In response to Israeli backlash, U.S. ambassador to Israel Mike Huckabee said that the United States does not require Israeli approval to reach a ceasefire deal, asserting that the United States will take action against threats to U.S. citizens and not necessarily Israel.

== Aftermath ==
Amid the intensification of the Iran–Israel Twelve-Day war in June 2025, the Houthis vowed to join the war on the side of Iran if the United States assisted Israel in offensive strikes against Iran. Following the U.S. strikes on Iran on June 21, the Houthis indicated they would end the ceasefire, but there has been no resumption of hostilities.

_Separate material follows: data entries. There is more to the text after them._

lemma spectrum_laplacian_blowup:
  fixes V W :: "nat set" and cls :: "nat \<Rightarrow> nat" and adj :: "nat \<Rightarrow> nat \<Rightarrow> bool"
    and wt :: "nat \<Rightarrow> nat"
  assumes V: "finite V" and W: "cls ` V = W" and irrefl: "\<And>s. s \<in> W \<Longrightarrow> \<not> adj s s"
    and wt: "\<And>s. s \<in> W \<Longrightarrow> wt s = card {i \<in> V. cls i = s}"
  shows "spectrum_mset (laplacian V (\<lambda>i j. adj (cls i) (cls j))) =
    spectrum_mset (weighted_laplacian W adj wt)
    + (\<Sum>s\<in>W. replicate_mset (wt s - 1) (of_nat (weighted_degree W adj wt s)))"
proof -
  let ?deg = "\<lambda>s. (of_nat (weighted_degree W adj wt s) :: complex)"
  have "card {k \<in> V. adj (cls i) (cls k)} = weighted_degree W adj wt (cls i)" for i
    unfolding card_filter_eq_sum_fibres[OF V W] weighted_degree_def by (intro sum.cong) (auto simp: wt)
  then have "laplacian V (\<lambda>i j. adj (cls i) (cls j)) =
      set_mat V (\<lambda>i j. if i = j then ?deg (cls i) else if adj (cls i) (cls j) then -1 else 0)"
    unfolding laplacian_def by (intro set_mat_cong) simp
  moreover have "weighted_laplacian W adj wt = set_mat W (\<lambda>s t. if s = t then ?deg s
      else if adj s t then - of_nat (card {i \<in> V. cls i = t}) else 0)"
    unfolding weighted_laplacian_def by (intro set_mat_cong) (simp add: wt)
  ultimately show ?thesis
    unfolding spectrum_mset_def
    using proots_char_poly_set_mat_blowup[where adj = adj and N = ?deg, OF V W irrefl]
    by (simp add: wt)
qed

section \<open>Ideals of Z_n through exponent vectors\<close>

definition unitary_divisor :: "nat \<Rightarrow> nat set \<Rightarrow> nat" where
  "unitary_divisor n S = (\<Prod>p\<in>S. p ^ multiplicity p n)"

lemma divisor_eqI_multiplicity:
  fixes n d e :: nat
  assumes n: "n > 0" and d: "d dvd n" and e: "e dvd n"
    and eq: "\<And>p. p \<in> prime_factors n \<Longrightarrow> multiplicity p d = multiplicity p e"
  shows "d = e"
proof (rule multiplicity_eq_nat)
  show "d > 0" "e > 0"
    using n d e by (auto intro: dvd_pos_nat)
  fix p :: nat
  assume p: "prime p"
  show "multiplicity p d = multiplicity p e"
  proof (cases "p \<in> prime_factors n")
    case False
    then have "multiplicity p n = 0"
      using p by (simp add: prime_factors_multiplicity)
    then show ?thesis
      using dvd_imp_multiplicity_le[OF d, of p] dvd_imp_multiplicity_le[OF e, of p] n by simp
  qed (rule eq)
qed

lemma lcm_eq_iff_multiplicity:
  fixes n d e :: nat
  assumes n: "n > 0" and d: "d dvd n" and e: "e dvd n"
  shows "lcm d e = n \<longleftrightarrow>
    (\<forall>p\<in>prime_factors n. max (multiplicity p d) (multiplicity p e) = multiplicity p n)"
proof -
  have "d \<noteq> 0" "e \<noteq> 0"
    using n d e by auto
  then have lcm: "multiplicity p (lcm d e) = max (multiplicity p d) (multiplicity p e)"
    if "p \<in> prime_factors n" for p
    using that by (intro multiplicity_lcm) auto
  show ?thesis
  proof
    assume max_eq: "\<forall>p\<in>prime_factors n. max (multiplicity p d) (multiplicity p e) = multiplicity p n"
    show "lcm d e = n"
    proof (rule divisor_eqI_multiplicity[OF n])
      show "lcm d e dvd n" "n dvd n"
        using d e by simp_all
      fix p
      assume "p \<in> prime_factors n"
      then show "multiplicity p (lcm d e) = multiplicity p n"
        using lcm[of p] max_eq by simp
    qed
  next
    assume lcm_eq: "lcm d e = n"
    show "\<forall>p\<in>prime_factors n. max (multiplicity p d) (multiplicity p e) = multiplicity p n"
    proof
      fix p
      assume "p \<in> prime_factors n"
      then show "max (multiplicity p d) (multiplicity p e) = multiplicity p n"
        using lcm[of p] by (simp only: lcm_eq)
    qed
  qed
qed

lemma multiplicity_prod_prime_factors:
  fixes n q :: nat
  assumes "prime q"
  shows "multiplicity q (\<Prod>p\<in>prime_factors n. p ^ f p) = (if q \<in> prime_factors n then f q else 0)"
  using assms by (intro multiplicity_prod_prime_powers) auto

lemma prod_prime_factors_pos: "(\<Prod>p\<in>prime_factors (n :: nat). p ^ f p) > 0"
  by (intro prod_pos) (auto intro: prime_gt_0_nat)

lemma prod_prime_factors_multiplicity_divisor:
  fixes n d :: nat
  assumes n: "n > 0" and d: "d dvd n"
  shows "(\<Prod>p\<in>prime_factors n. p ^ multiplicity p d) = d"
proof (rule multiplicity_eq_nat)
  show "d > 0"
    using n d by (auto intro: dvd_pos_nat)
  fix q :: nat
  assume q: "prime q"
  have "multiplicity q d = 0" if "q \<notin> prime_factors n"
    using that q dvd_imp_multiplicity_le[OF d, of q] n by (auto simp: prime_factors_multiplicity)
  then show "multiplicity q (\<Prod>p\<in>prime_factors n. p ^ multiplicity p d) = multiplicity q d"
    using q by (simp add: multiplicity_prod_prime_factors)
qed (rule prod_prime_factors_pos)

lemma bij_betw_divisors_exponents:
  fixes n :: nat
  assumes n: "n > 0"
  shows "bij_betw (\<lambda>d. restrict (\<lambda>p. multiplicity p d) (prime_factors n)) {d. d dvd n}
    (\<Pi>\<^sub>E p\<in>prime_factors n. {..multiplicity p n})"
proof (rule bij_betw_byWitness[where f' = "\<lambda>f. \<Prod>p\<in>prime_factors n. p ^ f p"])
  show "\<forall>d\<in>{d. d dvd n}.
      (\<Prod>p\<in>prime_factors n. p ^ restrict (\<lambda>p. multiplicity p d) (prime_factors n) p) = d"
    using prod_prime_factors_multiplicity_divisor[OF n] by simp
  show "\<forall>f\<in>\<Pi>\<^sub>E p\<in>prime_factors n. {..multiplicity p n}.
      restrict (\<lambda>p. multiplicity p (\<Prod>p\<in>prime_factors n. p ^ f p)) (prime_factors n) = f"
  proof
    fix f
    assume f: "f \<in> (\<Pi>\<^sub>E p\<in>prime_factors n. {..multiplicity p n})"
    show "restrict (\<lambda>p. multiplicity p (\<Prod>p\<in>prime_factors n. p ^ f p)) (prime_factors n) = f"
    proof
      fix q
      show "restrict (\<lambda>p. multiplicity p (\<Prod>p\<in>prime_factors n. p ^ f p)) (prime_factors n) q = f q"
      proof (cases "q \<in> prime_factors n")
        case True
        then have "prime q"
          by auto
        with True show ?thesis
          by (simp add: multiplicity_prod_prime_factors)
      next
        case False
        then show ?thesis
          using PiE_arb[OF f False] by simp
      qed
    qed
  qed
  show "(\<lambda>d. restrict (\<lambda>p. multiplicity p d) (prime_factors n)) ` {d. d dvd n}
      \<subseteq> (\<Pi>\<^sub>E p\<in>prime_factors n. {..multiplicity p n})"
    using n by (auto intro: dvd_imp_multiplicity_le)
  show "(\<lambda>f. \<Prod>p\<in>prime_factors n. p ^ f p) ` (\<Pi>\<^sub>E p\<in>prime_factors n. {..multiplicity p n})
      \<subseteq> {d. d dvd n}"
    using prod_prime_factors_pos multiplicity_prod_prime_factors
    by (auto intro!: multiplicity_le_imp_dvd simp: PiE_iff)
qed

lemma multiplicity_unitary_divisor:
  assumes "S \<subseteq> prime_factors n" "prime p"
  shows "multiplicity p (unitary_divisor n S) = (if p \<in> S then multiplicity p n else 0)"
  unfolding unitary_divisor_def using assms
  by (intro multiplicity_prod_prime_powers) (auto intro: finite_subset)

lemma unitary_divisor_dvd:
  assumes "n > 0" "S \<subseteq> prime_factors n"
  shows "unitary_divisor n S dvd n"
proof (rule multiplicity_le_imp_dvd)
  show "unitary_divisor n S \<noteq> 0"
    using assms(2) finite_subset[OF assms(2)] by (auto simp: unitary_divisor_def)
  show "multiplicity p (unitary_divisor n S) \<le> multiplicity p n" if "prime p" for p
    using multiplicity_unitary_divisor[OF assms(2) that] by simp
qed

The Houthis resumed attacks on non-U.S. vessels in the Red Sea on July 6, 2025, sinking the Liberian-flagged cargo ship Magic Seas, during the attack killed three mariners and wounded two others.

== Analysis ==
According to former U.S. Middle East envoy Dennis Ross, the U.S.–Houthi truce sidelined the Israeli government, indicating that "the Trump Administration thinks about America's interests." Analysts also noted that the Houthis are the "biggest winners" of the ceasefire, as they will continue to target Israel and Israeli-linked vessels.

== Reactions ==
- Israel: Following the ceasefire deal, Israeli prime minister Benjamin Netanyahu asserted that "Israel will defend itself by itself." Israeli Defense Minister Israel Katz said that "Israel must be able to defend itself by itself against any threat and any enemy." According to Israeli officials, Israel was not given "advance notice" of the U.S.-Houthi ceasefire. Israeli media described the ceasefire as "very bad news for Israel" and "doubly surpris[ing]".

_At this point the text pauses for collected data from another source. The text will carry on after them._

text \<open>Sorting labelings by the fibre of the largest label.\<close>

lemma opfact_recursion:
  assumes "finite P" "P \<noteq> {}" "a \<in> Orp P le"
  shows "opfact P le a = (\<Sum>T\<in>{T\<in>a. up_closed P le T}. opfact (P - T) le (a - {T}))"
proof -
  define U where "U = {T\<in>a. up_closed P le T}"
  define G where "G T = {f\<in>ordered_labelings P le a. {x\<in>P. f x = card a} = T}" for T
  have "ordered_labelings P le a = (\<Union>T\<in>U. G T)"
  proof (intro equalityI subsetI)
    fix f assume f: "f \<in> ordered_labelings P le a"
    then have "{x\<in>P. f x = card a} \<in> U"
      using ordered_labeling_top_fibre[OF assms(1,2) f] unfolding U_def by blast
    then show "f \<in> (\<Union>T\<in>U. G T)" using f unfolding G_def by blast
  qed (auto simp: G_def)
  moreover have "card (\<Union>T\<in>U. G T) = (\<Sum>T\<in>U. card (G T))"
    by (rule card_UN_disjoint)
       (use finite_partition[OF assms(1) is_partition_Orp[OF assms(3)]]
         finite_ordered_labelings[OF assms(1)] in \<open>auto simp: U_def G_def\<close>)
  ultimately have "opfact P le a = (\<Sum>T\<in>U. card (G T))"
    unfolding opfact_eq_card_labelings[of P le a] by simp
  also have "\<dots> = (\<Sum>T\<in>U. opfact (P - T) le (a - {T}))"
    unfolding U_def G_def by (rule sum.cong) (auto simp: card_ordered_labelings_top_fibre[OF assms(1,3)])
  finally show ?thesis unfolding U_def .
qed

section \<open>Alternating sums over ancestries\<close>

definition anc_alt_sum_below :: "'a set \<Rightarrow> ('a \<Rightarrow> 'a \<Rightarrow> bool) \<Rightarrow> 'a set set \<Rightarrow> 'a set set \<Rightarrow> nat \<Rightarrow> real"
  where "anc_alt_sum_below P le a c t =
    (\<Sum>b\<in>{b \<in> anc P le a. refines b c}. (-1) ^ card b / real (card b + t))"

definition anc_alt_sum :: "'a set \<Rightarrow> ('a \<Rightarrow> 'a \<Rightarrow> bool) \<Rightarrow> 'a set set \<Rightarrow> nat \<Rightarrow> real" where
  "anc_alt_sum P le a t = (\<Sum>c\<in>anc P le a. anc_alt_sum_below P le a c t)"

lemma anc_alt_sum_chain:
  assumes "a \<in> Orp P le" "is_chain P le P"
  shows "anc_alt_sum P le a t = (-1) ^ card a / real (card a + t)"
proof -
  have "anc P le a = {a}" using anc_chain[OF assms] .
  moreover have "{b \<in> {a}. refines b a} = {a}" using refines_refl by blast
  ultimately show ?thesis unfolding anc_alt_sum_def anc_alt_sum_below_def by simp
qed

lemma refines_insert_Union_iff:
  assumes "is_partition P b" "A \<subseteq> b"
  shows "refines b (insert (\<Union>A) c) \<longleftrightarrow> refines (b - A) c"
proof
  assume r: "refines b (insert (\<Union>A) c)"
  show "refines (b - A) c"
    unfolding refines_def
  proof
    fix B assume B: "B \<in> b - A"
    then obtain D where D: "D \<in> insert (\<Union>A) c" "B \<subseteq> D" using r unfolding refines_def by blast
    have "B \<inter> \<Union>A = {}" using partition_block_disjoint_Union[OF assms B] .
    then have "D \<noteq> \<Union>A" using D(2) partition_block_nonempty[OF assms(1)] B by blast
    then show "\<exists>B'\<in>c. B \<subseteq> B'" using D by blast
  qed
qed (auto simp: refines_def)

lemma anc_refines_insert_block_iff:
  assumes "a \<in> Orp P le" "X \<in> a" "c \<in> anc (P - X) le (a - {X})" "b \<in> anc P le a"
  shows "refines b (insert X c) \<longleftrightarrow> X \<in> b \<and> refines (b - {X}) c"
proof
  assume r: "refines b (insert X c)"
  have pa: "is_partition P a" using assms(1) by (rule is_partition_Orp)
  have pb: "is_partition P b" using assms(4) by (rule is_partition_anc)
  obtain x where x: "x \<in> X" using partition_block_nonempty[OF pa assms(2)] by blast
  then obtain B where B: "B \<in> b" "x \<in> B"
    using partition_covers[OF pb] partition_block_subset[OF pa assms(2)] by blast
  obtain D where D: "D \<in> insert X c" "B \<subseteq> D" using r B(1) unfolding refines_def by blast
  have "D \<notin> c"
    using partition_block_subset[OF is_partition_anc[OF assms(3)]] D(2) B(2) x by blast
  then have "B = X" using D anc_block_superset[OF assms(4,2) B(1) x B(2)] by blast
  then show "X \<in> b \<and> refines (b - {X}) c"
    using B(1) r refines_insert_Union_iff[OF pb, of "{X}"] by auto
qed (use refines_insert_Union_iff[OF is_partition_anc[OF assms(4)], of "{X}"] in auto)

- Iran: Iranian foreign ministry spokesman Esmaeil Baqaei welcomed the cessation of attacks and praised the "steadfastness and perseverance" of Yemenis supporting the Palestinian people.
- Saudi Arabia: The Saudi foreign ministry welcomed the ceasefire in Yemen "with the aim of protecting international navigation and trade."
- United Nations: UN secretary general deputy spokesperson Stephanie Tremblay welcomed the ceasefire and commended Oman's efforts in securing the agreement.